1. Configure GP Portal to generate authentication cookie with life time of 1min. (Do not enable accept auth cookie, only generate)

2. Configure GP Gateway to accept authentication cookie. Do not enable generate

 

What will happen is:

- User will be prompted by Portal to authenticate

- User will provide valid username, password and OTP

- Portal will generate auth cookie valid for the next one minute. It will be sent to the client along with the list of Gateways

- GP client will try to connect to GP gateway providing it the auth cookie

- Gateway will validate the cookie and if valid (not expired and not tampered) it will connect the user straight away without prompt him to authenticate

 

For the enduser it look like he is prompted once and connected to the VPN.

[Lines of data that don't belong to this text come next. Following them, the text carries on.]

(* Every element of G = <a><c> is uniquely a^i c^l.  Comparing the two ways of computing
   c a^(i+1) shows that the exponent j in c a^i = a^(r i) c^j satisfies r^(j-1) = 1 (mod k),
   i.e. j = 1 (mod m); likewise c^m a = a c^(m t).  Reducing these exponents modulo n gives
   the two relations with s, t < n/m.  The relations alone let c^l be moved past a^i with an
   explicit exponent, so the product of normal forms is given by the same formula in G and in
   any group with elements x, y satisfying the relations; hence a^i c^l |-> x^i y^l is a
   well-defined homomorphism.  Conditions (a)-(c) follow from uniqueness of normal forms:
   (a) from c^m a^k = c^m and the two expansions of c^(m+1) a, which give t^k = 1 and
   t^r = t (mod n/m); (b) from c a^k = c; (c) from expanding c^m a with the general formula. *)

context group begin

lemma pow_eq_pow_iff_cong:
  assumes "x \<in> carrier G"
  shows "x [^] (i::nat) = x [^] (j::nat) \<longleftrightarrow> [i = j] (mod ord x)"
proof -
  have "x [^] i = x [^] j \<longleftrightarrow> x [^] int i = x [^] int j"
    by (simp add: int_pow_int)
  also have "\<dots> \<longleftrightarrow> int (ord x) dvd int j - int i"
    using int_pow_eq[OF assms] by simp
  also have "\<dots> \<longleftrightarrow> [int i = int j] (mod int (ord x))"
    by (metis cong_iff_dvd_diff cong_sym)
  also have "\<dots> \<longleftrightarrow> [i = j] (mod ord x)"
    by (simp add: cong_int_iff)
  finally show ?thesis .
qed

lemma pow_eq_pow_if_cong:
  assumes "x \<in> carrier G" and "x [^] k = \<one>" and "[i = j] (mod k)"
  shows "x [^] (i::nat) = x [^] (j::nat)"
  using assms pow_eq_id pow_eq_pow_iff_cong cong_dvd_modulus_nat by blast

lemma factors_unique_if_trivial_inter:
  assumes "subgroup A G" and "subgroup C G" and "A \<inter> C = {\<one>}"
    and "p \<in> A" "p' \<in> A" "q \<in> C" "q' \<in> C" and "p \<otimes> q = p' \<otimes> q'"
  shows "p = p' \<and> q = q'"
proof -
  have closed: "p \<in> carrier G" "p' \<in> carrier G" "q \<in> carrier G" "q' \<in> carrier G"
    using assms subgroup.subset by blast+
  have "inv p' \<otimes> p = q' \<otimes> inv q"
    using closed \<open>p \<otimes> q = p' \<otimes> q'\<close>
    by (metis inv_closed m_assoc m_closed inv_solve_left' inv_solve_right)
  moreover have "inv p' \<otimes> p \<in> A" and "q' \<otimes> inv q \<in> C"
    using assms subgroup.m_closed subgroup.m_inv_closed by metis+
  ultimately have "inv p' \<otimes> p = \<one>"
    using \<open>A \<inter> C = {\<one>}\<close> by auto
  then have "p = p'"
    using closed by (metis inv_closed inv_inv inv_equality)
  with closed \<open>p \<otimes> q = p' \<otimes> q'\<close> show ?thesis
    by (metis l_cancel)
qed

end

(* The exponent in y^l x^i = x^(r^l i) y^(commute_exp m r s t l i), see y_pow_mult_x_pow. *)
definition commute_exp :: "nat \<Rightarrow> nat \<Rightarrow> nat \<Rightarrow> nat \<Rightarrow> nat \<Rightarrow> nat \<Rightarrow> nat" where
  "commute_exp m r s t l i = l + m * s * (\<Sum>w<l. \<Sum>u<r ^ w * i. t ^ u)"
lemma switching_agreement_along_link:
  assumes "a \<noteq> b" "f \<in> switchings" "(x, y) \<in> linked" "f (x(m := a)) = f0 (x(m := a))"
  shows "f (y(m := a)) = f0 (y(m := a))"
proof -
  obtain i c where x: "x \<in> tuples S m" and i: "i < m" and c: "c \<in> S" and y: "y = x(i := c)"
    and meet: "column_pair x \<inter> column_pair y \<noteq> {}"
    using assms(3) unfolding linked_def by blast
  show ?thesis
  proof (cases "c = x i")
    case False
    have yT: "y \<in> tuples S m" using x i c y by (simp add: tuples_upd)
    have moves: "h (y(m := d)) \<noteq> h (x(m := d))"
      if "nary_quasigroup S (Suc m) h" "d \<in> S" for h d
    proof -
      have "inj_on (\<lambda>e. h (x(i := e, m := d))) S"
        using nary_quasigroup_bij_betw_line[OF that(1) x i that(2)] by (simp add: bij_betw_def)
      then show ?thesis
        using False c tuples_in[OF x i] y by (auto simp: inj_on_def)
    qed
    have qf: "nary_quasigroup S (Suc m) f" using assms(2) by (simp add: extensions_def)
    have distinct: "h (z(m := a)) \<noteq> h (z(m := b))"
      if "nary_quasigroup S (Suc m) h" "z \<in> tuples S m" for h z
      using nary_quasigroup_bij_betw_last[OF that] assms(1) a_in_S b_in_S
      by (auto simp: bij_betw_def inj_on_def)
    \<comment> \<open>If \<open>f\<close> swapped the pair at \<open>y\<close>, the four \<open>moves\<close> facts would exclude every way the pairs meet.\<close>
    show ?thesis
      using moves[OF qf a_in_S] moves[OF qf b_in_S]
        moves[OF quasigroup_f0 a_in_S] moves[OF quasigroup_f0 b_in_S]
        distinct[OF qf x] distinct[OF qf yT] assms(4) meet
        switching_value_in_column_pair[OF assms(2) x] switching_value_in_column_pair[OF assms(2) yT]
      unfolding column_pair_def by auto
  qed (use y assms(4) in simp)
qed

lemma switching_agreement_along_component:
  assumes "a \<noteq> b" "f \<in> switchings" "(x, y) \<in> component" "f (x(m := a)) = f0 (x(m := a))"
  shows "f (y(m := a)) = f0 (y(m := a))"
proof -
  have "(x, y) \<in> linked\<^sup>*" using assms(3) by (simp add: component_def)
  then show ?thesis
  proof (induction rule: rtrancl_induct)
    case (step y z)
    then show ?case using switching_agreement_along_link[OF assms(1,2)] by blast
  qed (rule assms(4))
qed

lemma linked_neighbour:
  assumes "a \<noteq> b" "z \<in> tuples S m" "i < m"
  obtains y where "(z, y) \<in> linked" "y i \<noteq> z i" "\<forall>j. j \<noteq> i \<longrightarrow> y j = z j"
proof -
  \<comment> \<open>Move along coordinate \<open>i\<close> in layer \<open>b\<close> to the position carrying the layer-\<open>a\<close> value at \<open>z\<close>.\<close>
  have "f0 (z(m := a)) \<in> S"
    using quasigroup_f0 tuples_Suc_upd_last[OF assms(2) a_in_S]
    by (simp add: nary_quasigroup_def)
  then obtain e where e: "e \<in> S" "f0 (z(i := e, m := b)) = f0 (z(m := a))"
    using nary_quasigroup_bij_betw_line[OF quasigroup_f0 assms(2,3) b_in_S]
    by (metis (no_types, lifting) bij_betw_iff_bijections)
  have "e \<noteq> z i"
  proof
    assume "e = z i"
    then have "f0 (z(m := b)) = f0 (z(m := a))" using e(2) by simp
    then show False
      using nary_quasigroup_bij_betw_last[OF quasigroup_f0 assms(2)] assms(1) a_in_S b_in_S
      by (auto simp: bij_betw_def inj_on_def)
  qed
  moreover have "(z, z(i := e)) \<in> linked"
    using assms(2,3) e unfolding linked_def column_pair_def by auto
  ultimately show ?thesis using that by auto
qed
(* Let $m\ge3$. The Terwilliger algebra $T=T(x_0)$ of the doubled Odd graph $2.O_{m+1}$ coincides with the centralizer algebra $\mathcal{A}$ of the stabilizer of $x_0$ in $\mathrm{Aut}(2.O_{m+1})$.
   Context: $S=\{1,\dots,2m+1\}$, $X=\binom{S}{m}\cup\binom{S}{m+1}$; the doubled Odd graph $2.O_{m+1}$ has vertex set $X$, two vertices adjacent iff one is a proper subset of the other, with distance $\partial$. $x_0=\{1,\dots,m\}$. $T$ is the subalgebra of complex $X\times X$ matrices generated by the adjacency matrix $A_1$ and the diagonal matrices $E^*_i$ ($0\le i\le 2m+1$) with $(y,y)$-entry $1$ iff $\partial(x_0,y)=i$. The stabilizer of $x_0$ in $\mathrm{Aut}(2.O_{m+1})$ is $G=\mathrm{Sym}(x_0)\times\mathrm{Sym}(S\setminus x_0)$ acting naturally on $X$; $\mathcal{A}$ is the set of complex $X\times X$ matrices $B$ with $B_{\sigma(y),\sigma(z)}=B_{y,z}$ for all $\sigma\in G$, $y,z\in X$. *)

theory Defs
  imports Complex_Main "HOL-Combinatorics.Permutations"
begin

definition S_set :: "nat \<Rightarrow> nat set" where
  "S_set m = {1..2*m+1}"

definition X_set :: "nat \<Rightarrow> nat set set" where
  "X_set m = {y. y \<subseteq> S_set m \<and> (card y = m \<or> card y = m + 1)}"

definition x0 :: "nat \<Rightarrow> nat set" where
  "x0 m = {1..m}"

definition adj :: "nat \<Rightarrow> nat set \<Rightarrow> nat set \<Rightarrow> bool" where
  "adj m y z \<longleftrightarrow> y \<in> X_set m \<and> z \<in> X_set m \<and> (y \<subset> z \<or> z \<subset> y)"

inductive walk :: "nat \<Rightarrow> nat \<Rightarrow> nat set \<Rightarrow> nat set \<Rightarrow> bool" for m where
  walk0: "y \<in> X_set m \<Longrightarrow> walk m 0 y y"
| walkS: "adj m y w \<Longrightarrow> walk m n w z \<Longrightarrow> walk m (Suc n) y z"

definition dist_O :: "nat \<Rightarrow> nat set \<Rightarrow> nat set \<Rightarrow> nat" where
  "dist_O m y z = (LEAST n. walk m n y z)"

text \<open>Complex X x X matrices are represented as functions vanishing outside X x X.\<close>
type_synonym cmat = "nat set \<Rightarrow> nat set \<Rightarrow> complex"

definition is_mat :: "nat \<Rightarrow> cmat \<Rightarrow> bool" where
  "is_mat m B \<longleftrightarrow> (\<forall>y z. (y \<notin> X_set m \<or> z \<notin> X_set m) \<longrightarrow> B y z = 0)"

definition mat_add :: "cmat \<Rightarrow> cmat \<Rightarrow> cmat" where
  "mat_add B C = (\<lambda>y z. B y z + C y z)"

definition mat_smult :: "complex \<Rightarrow> cmat \<Rightarrow> cmat" where
  "mat_smult c B = (\<lambda>y z. c * B y z)"

definition mat_mult :: "nat \<Rightarrow> cmat \<Rightarrow> cmat \<Rightarrow> cmat" where
  "mat_mult m B C = (\<lambda>y z. if y \<in> X_set m \<and> z \<in> X_set m
      then \<Sum>w\<in>X_set m. B y w * C w z else 0)"

definition mat_one :: "nat \<Rightarrow> cmat" where
  "mat_one m = (\<lambda>y z. if y \<in> X_set m \<and> y = z then 1 else 0)"

definition adj_mat :: "nat \<Rightarrow> cmat" where
  "adj_mat m = (\<lambda>y z. if adj m y z then 1 else 0)"

definition dual_idem :: "nat \<Rightarrow> nat \<Rightarrow> cmat" where
  "dual_idem m i = (\<lambda>y z. if y \<in> X_set m \<and> y = z \<and> dist_O m (x0 m) y = i then 1 else 0)"

inductive_set terwilliger :: "nat \<Rightarrow> cmat set" for m where
  gen_one: "mat_one m \<in> terwilliger m"
| gen_adj: "adj_mat m \<in> terwilliger m"
| gen_dual: "i \<le> 2*m+1 \<Longrightarrow> dual_idem m i \<in> terwilliger m"
| cl_add: "B \<in> terwilliger m \<Longrightarrow> C \<in> terwilliger m \<Longrightarrow> mat_add B C \<in> terwilliger m"
| cl_smult: "B \<in> terwilliger m \<Longrightarrow> mat_smult c B \<in> terwilliger m"
| cl_mult: "B \<in> terwilliger m \<Longrightarrow> C \<in> terwilliger m \<Longrightarrow> mat_mult m B C \<in> terwilliger m"
lemma ball_cover_finite_meeting_bounded:
  assumes cov: "ball_cover \<sigma> \<eta> \<C>" and "bounded S"
  shows "finite {G\<in>\<C>. G \<inter> S \<noteq> {}}"
proof -
  obtain w R where S: "S \<subseteq> cball w R" using \<open>bounded S\<close> bounded_subset_cball by blast
  obtain Y where "finite Y" and Y: "cball w (R + 1) \<subseteq> (\<Union>y\<in>Y. ball y 1)"
    by (rule compactE_image[OF compact_cball, of "cball w (R + 1)" "\<lambda>y. ball y 1"]) auto
  have "{G\<in>\<C>. G \<inter> S \<noteq> {}} \<subseteq> (\<Union>y\<in>Y. {G\<in>\<C>. y \<in> G})"
  proof
    fix G assume "G \<in> {G\<in>\<C>. G \<inter> S \<noteq> {}}"
    then obtain g where G: "G \<in> \<C>" "g \<in> G" "g \<in> S" by auto
    obtain c \<rho> where Gc: "G = cball c \<rho>" using ball_cover_cball[OF cov G(1)] by blast
    have "1 \<le> \<rho>" using ball_cover_radius_ge_1[OF cov] G(1) Gc by blast
    moreover have "g \<in> cball c \<rho>" using G(2) Gc by simp
    ultimately obtain c' where c': "g \<in> cball c' 1" "cball c' 1 \<subseteq> cball c \<rho>"
      by (rule unit_cball_within_cball)
    have "dist w g \<le> R" using G(3) S by auto
    moreover have "dist g c' \<le> 1" using c'(1) by (simp add: dist_commute)
    ultimately have "c' \<in> cball w (R + 1)"
      unfolding mem_cball using dist_triangle[of w c' g] by linarith
    with Y obtain y where "y \<in> Y" "dist y c' < 1" by auto
    then have "y \<in> cball c' 1" by (simp add: dist_commute)
    with c'(2) Gc have "y \<in> G" by blast
    with \<open>y \<in> Y\<close> G(1) show "G \<in> (\<Union>y\<in>Y. {G\<in>\<C>. y \<in> G})" by blast
  qed
  moreover have "finite (\<Union>y\<in>Y. {G\<in>\<C>. y \<in> G})"
    by (intro finite_UN_I \<open>finite Y\<close> ball_cover_finite_containing[OF cov])
  ultimately show ?thesis by (rule finite_subset)
qed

When user disconnect and try to connect again to the Portal, since portal does not accept auth cookie it will ask the user to authenticate again with OTP

If user try to connect directly to Gateway (which accept cookie), gateway will validate the cookie, but it will notice it has expired and will prompt the user to authenticate with OTP

 

 

If you search for MFA/OTP with RADIUS in the form you will find a lot of other discussions, where you could even find more detailed config examples.

Ciao and thank for the very easy explanation.

A question regarding how is the gateway validation for cookie generate by the portal ?

I mean are all cookies valid in PAN-OS because encrypted by a known CA ? How does it work in multiple gateway enviroment ?

Thanks

Yes, the cookie for authentication bypass is signed by a certificate on the PA. You can find the options to generate and/or accept a cookie for authentication to the Portal and Gateway under:

Network -> GlobalProtect -> Portals -> <portal_config> -> Agent -> <agent_config> -> Authentication

Network -> GlobalProtect -> Gateways -> <gateway_config> -> Agent -> Client Settings -> <agent_config> -> AuthenticationOverride

 

When the cookie is generated by the Portal or Gateway it is signed using a certificate with a private key on the PA (either a self-signed CA or a certificate signed by your CA infrastructure) and handed to the GlobalProtect client. The client then presents the bypass cookie back to the Portal/Gateway the next time it logs in. If the cookie signature is valid then the PA allows the connection without the normal authentication steps. If you need to allow cookie authentication bypass on multiple Gateways you simply copy the signing certificate across the PAs so all have the same copy.